A world of multiple generative AIs with their own agendas appears to be the offing as Elon Musk enters the artificial intelligence arena with a new company called xAI – with a bold, broadly encompassing mission.
“The goal of xAI is to understand the true nature of the universe,” according to a mission statement on the company’s website (x.ai).
Twitter-owner, Musk, hosted a Twitter Spaces session on Friday, June 14 to introduce a formidable top-tier team associated with his new venture. Collectively, the team has worked at Deep Mind, OpenAI, Tesla, Google Research, Microsoft Research and the University of Toronto. Musk was a co-founder of OpenAI before leaving its board in 2018. Including Musk, the all-male team numbers a dozen people, bringing an image of the apostles to mind. The line-up reflects Musk’s desire for a small team with lots of autonomy. A notable advisor is Dan Hendrycks, the executive director of the Center for AI Safety, which focuses on the risks associated with AI. Musk said data from Twitter and Tesla would be leveraged to create xAI.

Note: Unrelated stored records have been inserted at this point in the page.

lemma smooth2_imp_x_differentiable [simp]: "smooth2 f \<Longrightarrow> x_differentiable f"
  unfolding x_differentiable_def
proof (intro allI)
  fix x t :: real
  assume "smooth2 f"
  have "(\<lambda>y::real. (y, t)) differentiable at x"
    by (intro differentiable_Pair differentiable_const differentiable_ident)
  from differentiable_chain_at[OF this smooth2_differentiable[OF \<open>smooth2 f\<close>]]
  show "(\<lambda>y. f y t) field_differentiable at x"
    by (simp add: o_def field_differentiable_def flip: DERIV_deriv_iff_real_differentiable)
      blast
qed

lemma smooth2_imp_t_differentiable [simp]: "smooth2 f \<Longrightarrow> t_differentiable f"
  unfolding t_differentiable_def
proof (intro allI)
  fix x t :: real
  assume "smooth2 f"
  have "(\<lambda>s::real. (x, s)) differentiable at t"
    by (intro differentiable_Pair differentiable_const differentiable_ident)
  from differentiable_chain_at[OF this smooth2_differentiable[OF \<open>smooth2 f\<close>]]
  show "(\<lambda>s. f x s) field_differentiable at t"
    by (simp add: o_def field_differentiable_def flip: DERIV_deriv_iff_real_differentiable)
      blast
qed

lemma iter_pd_add:
  "smooth2 f \<Longrightarrow> smooth2 g \<Longrightarrow>
    iter_pd ds (\<lambda>x t. f x t + g x t) = (\<lambda>x t. iter_pd ds f x t + iter_pd ds g x t)"
  by (induction ds) (auto simp: iter_pd_Cons smooth2_iter_pd)

lemma iter_pd_diff:
  "smooth2 f \<Longrightarrow> smooth2 g \<Longrightarrow>
    iter_pd ds (\<lambda>x t. f x t - g x t) = (\<lambda>x t. iter_pd ds f x t - iter_pd ds g x t)"
  by (induction ds) (auto simp: iter_pd_Cons smooth2_iter_pd)

lemma iter_pd_cmult:
  "smooth2 f \<Longrightarrow> iter_pd ds (\<lambda>x t. c * f x t) = (\<lambda>x t. c * iter_pd ds f x t)"
  by (induction ds) (auto simp: iter_pd_Cons smooth2_iter_pd)

lemma smooth2_add [simp]: "smooth2 f \<Longrightarrow> smooth2 g \<Longrightarrow> smooth2 (\<lambda>x t. f x t + g x t)"
  unfolding smooth2_def by (simp add: iter_pd_add smooth2_def differentiable_add)

lemma smooth2_diff [simp]: "smooth2 f \<Longrightarrow> smooth2 g \<Longrightarrow> smooth2 (\<lambda>x t. f x t - g x t)"
  unfolding smooth2_def by (simp add: iter_pd_diff smooth2_def differentiable_diff)

lemma smooth2_cmult [simp]: "smooth2 f \<Longrightarrow> smooth2 (\<lambda>x t. c * f x t)"
  unfolding smooth2_def by (simp add: iter_pd_cmult smooth2_def differentiable_cmult_left_iff)

section \<open>Symmetry of mixed partial derivatives\<close>

lemma smooth2_continuous_box:
  assumes "smooth2 f" "e > 0"
  obtains d where "d > 0" "\<And>a b. \<bar>a - x\<bar> < d \<Longrightarrow> \<bar>b - t\<bar> < d \<Longrightarrow> \<bar>f a b - f x t\<bar> < e"
proof -
  have "isCont (\<lambda>w. f (fst w) (snd w)) (x, t)"
    using smooth2_differentiable[OF assms(1)] by (rule differentiable_imp_continuous_within)
  then obtain d where d: "d > 0"
    "\<And>w. dist w (x, t) < d \<Longrightarrow> dist (f (fst w) (snd w)) (f x t) < e"
    using assms(2) unfolding continuous_at_eps_delta by fastforce
  show thesis
  proof (rule that[of "d / 2"])
    fix a b
    assume "\<bar>a - x\<bar> < d / 2" "\<bar>b - t\<bar> < d / 2"
    moreover have "dist (a, b) (x, t) \<le> \<bar>a - x\<bar> + \<bar>b - t\<bar>"
      using norm_Pair_le[of "a - x" "b - t"] by (simp add: dist_norm)
    ultimately show "\<bar>f a b - f x t\<bar> < e"
      using d(2)[of "(a, b)"] by (simp add: dist_real_def)
  qed (use d in simp)
qed

lemma second_difference_eq_pdt_pdx:
  assumes f: "smooth2 f" and h: "h > 0"
  obtains \<xi> \<eta> where "x < \<xi>" "\<xi> < x + h" "t < \<eta>" "\<eta> < t + h"
    "f (x + h) (t + h) - f (x + h) t - f x (t + h) + f x t = h * h * pdt (pdx f) \<xi> \<eta>"
proof -
  have "\<exists>\<xi>>x. \<xi> < x + h \<and> (f (x + h) (t + h) - f (x + h) t) - (f x (t + h) - f x t)
          = (x + h - x) * (pdx f \<xi> (t + h) - pdx f \<xi> t)"
    using h f by (intro MVT2) (auto intro!: DERIV_diff has_real_derivative_pdx)
  then obtain \<xi> where \<xi>: "x < \<xi>" "\<xi> < x + h"
    and "(f (x + h) (t + h) - f (x + h) t) - (f x (t + h) - f x t)
         = h * (pdx f \<xi> (t + h) - pdx f \<xi> t)"
    by auto
  moreover have "\<exists>\<eta>>t. \<eta> < t + h \<and> pdx f \<xi> (t + h) - pdx f \<xi> t = (t + h - t) * pdt (pdx f) \<xi> \<eta>"
    using h f by (intro MVT2) (auto intro!: has_real_derivative_pdt)
  then obtain \<eta> where \<eta>: "t < \<eta>" "\<eta> < t + h"
    and "pdx f \<xi> (t + h) - pdx f \<xi> t = h * pdt (pdx f) \<xi> \<eta>"
    by auto
  ultimately show thesis
    using that[OF \<xi> \<eta>] by (simp add: algebra_simps)
qed

lemma second_difference_eq_pdx_pdt:
  assumes f: "smooth2 f" and h: "h > 0"
  obtains \<xi> \<eta> where "x < \<xi>" "\<xi> < x + h" "t < \<eta>" "\<eta> < t + h"
    "f (x + h) (t + h) - f (x + h) t - f x (t + h) + f x t = h * h * pdx (pdt f) \<xi> \<eta>"
proof -
  have "\<exists>\<eta>>t. \<eta> < t + h \<and> (f (x + h) (t + h) - f x (t + h)) - (f (x + h) t - f x t)
          = (t + h - t) * (pdt f (x + h) \<eta> - pdt f x \<eta>)"
    using h f by (intro MVT2) (auto intro!: DERIV_diff has_real_derivative_pdt)
  then obtain \<eta> where \<eta>: "t < \<eta>" "\<eta> < t + h"
    and "(f (x + h) (t + h) - f x (t + h)) - (f (x + h) t - f x t)
         = h * (pdt f (x + h) \<eta> - pdt f x \<eta>)"
    by auto
  moreover have "\<exists>\<xi>>x. \<xi> < x + h \<and> pdt f (x + h) \<eta> - pdt f x \<eta> = (x + h - x) * pdx (pdt f) \<xi> \<eta>"
    using h f by (intro MVT2) (auto intro!: has_real_derivative_pdx)
  then obtain \<xi> where \<xi>: "x < \<xi>" "\<xi> < x + h"
    and "pdt f (x + h) \<eta> - pdt f x \<eta> = h * pdx (pdt f) \<xi> \<eta>"
    by auto
  ultimately show thesis
    using that[OF \<xi> \<eta>] by (simp add: algebra_simps)
qed

lemma pdt_pdx_eq_pdx_pdt:
  assumes f: "smooth2 f"
  shows "pdt (pdx f) x t = pdx (pdt f) x t"
proof -
  let ?A = "pdt (pdx f)" and ?B = "pdx (pdt f)"
  have close: "\<bar>?A x t - ?B x t\<bar> < 2 * e" if "e > 0" for e
  proof -
    obtain d1 where d1: "d1 > 0" "\<And>a b. \<bar>a - x\<bar> < d1 \<Longrightarrow> \<bar>b - t\<bar> < d1 \<Longrightarrow> \<bar>?A a b - ?A x t\<bar> < e"
      using smooth2_continuous_box[of ?A e] f \<open>e > 0\<close> by auto
    obtain d2 where d2: "d2 > 0" "\<And>a b. \<bar>a - x\<bar> < d2 \<Longrightarrow> \<bar>b - t\<bar> < d2 \<Longrightarrow> \<bar>?B a b - ?B x t\<bar> < e"
      using smooth2_continuous_box[of ?B e] f \<open>e > 0\<close> by auto
    define h where "h = min d1 d2"
    have h: "h > 0" using d1 d2 by (simp add: h_def)
    obtain \<xi> \<eta> where \<xi>\<eta>: "x < \<xi>" "\<xi> < x + h" "t < \<eta>" "\<eta> < t + h"
      and A: "f (x + h) (t + h) - f (x + h) t - f x (t + h) + f x t = h * h * ?A \<xi> \<eta>"
      using second_difference_eq_pdt_pdx[OF f h] by blast
    obtain \<xi>' \<eta>' where \<xi>'\<eta>': "x < \<xi>'" "\<xi>' < x + h" "t < \<eta>'" "\<eta>' < t + h"
      and B: "f (x + h) (t + h) - f (x + h) t - f x (t + h) + f x t = h * h * ?B \<xi>' \<eta>'"
      using second_difference_eq_pdx_pdt[OF f h] by blast
    have "?A \<xi> \<eta> = ?B \<xi>' \<eta>'"
      using A B h by simp
    moreover have "\<bar>?A \<xi> \<eta> - ?A x t\<bar> < e"
      using d1(2) \<xi>\<eta> unfolding h_def by simp
    moreover have "\<bar>?B \<xi>' \<eta>' - ?B x t\<bar> < e"
      using d2(2) \<xi>'\<eta>' unfolding h_def by simp
    ultimately show ?thesis by linarith
  qed
  show ?thesis
    using close[of "\<bar>?A x t - ?B x t\<bar> / 2"] by fastforce
qed

section \<open>The Miura-type transformation\<close>

lemma two_component_CH_momentum_residual:
  fixes \<kappa> \<beta> :: real and m n w z :: "real \<Rightarrow> real \<Rightarrow> real"
  assumes sm: "smooth2 m" and sn: "smooth2 n" and sw: "smooth2 w"
    and m_t: "\<And>x t. pdt m x t = 2 * m x t * pdx w x t + pdx m x t * w x t + n x t * pdx z x t"
    and n_t: "\<And>x t. pdt n x t = pdx (\<lambda>x t. n x t * w x t) x t"
  defines "p \<equiv> \<lambda>x t. - (\<kappa> * pdx n x t + 2 * \<beta> * n x t + m x t)"
  shows "pdt p x t - w x t * pdx p x t - 2 * p x t * pdx w x t
       = - n x t * (\<kappa> * pdx (pdx w) x t - 2 * \<beta> * pdx w x t + pdx z x t)"
proof -
  have "pdt (pdx n) x t = pdx (pdt n) x t"
    using sn by (rule pdt_pdx_eq_pdx_pdt)
  also have "pdt n = pdx (\<lambda>x t. n x t * w x t)"
    using n_t by blast
  finally have n_xt: "pdt (pdx n) x t = pdx (pdx (\<lambda>x t. n x t * w x t)) x t" .
  have "pdt p x t = - (\<kappa> * pdt (pdx n) x t + 2 * \<beta> * pdt n x t + pdt m x t)"
    unfolding p_def using sm sn by simp
  then show ?thesis
    unfolding n_xt n_t m_t unfolding p_def using sm sn sw by simp (simp add: algebra_simps)
qed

The Friday Twitter Spaces session could be best described as meandering. Musk wondered, “Why is there not massive evidence of aliens?” which some interpreted as the type of subject xAi would investigate. In the next breadth, Musk noted that his vision of the universe is one focused on the doings of humanity, noting that Earthlings are far more interesting than Mars. The xAI mission statement, joked Musk, will be: “What the hell is really going on?”
Musk said his goal is to “build a good AI,” that is “maximally curious, maximally truth-seeking.” The Musk AI would join a field dominated by OpenAI but which also includes Google and Athropic, with another by Meta on the near horizon. A more pointed comment came from co-founder and OpenAI veteran Kyle Kosic: “The reason I’m particularly excited about xAI is that I think the biggest danger of AI is monopolization by a couple of entities.”
One key goal of xAI is to develop an automated mathematician that could solve challenging math problems on its own. Greg Yang, another co-founder said xAI would delve into the “mathematics of deep learning” to develop a “theory of everything” for large neural networks that would advance AI development. Observers noted that availability of mathematical data required to train an AI math whiz is nowhere near as robust or widespread as that used to develop language AIs, however. According to Cryptopolitan, AIs like ChatGPT have been trained using trillions of lines of code while the amount of formalized mathematical data now available is estimated at about 10 million lines.
Given Musk’s past proclivities, it’s also possible that politics is on the agenda. Today’s xAI company grew out of an AI project with the Orwellian-sounding name of TruthGPT. Musk thought ChatGPT was too politically correct. By contrast, Musk says xAI won’t be trained in political correctness and xAI will be allowed to say what it believes to be true—a stance Musk believes will generate criticism.
Whether xAI leans left or right, or neither, remains to be seen, but Oren Etzioni, former head of the Allen Institute for Artificial Intelligence who coined the term “machine reading,” thinks AIs with differing points of view are likely. “In the end, these models are primarily mirrors,” said Etzioni last week in a Der Speigel interview. “When we hold these mirrors up to our society, we see Republicans, Democrats and all the unsavory characters too.”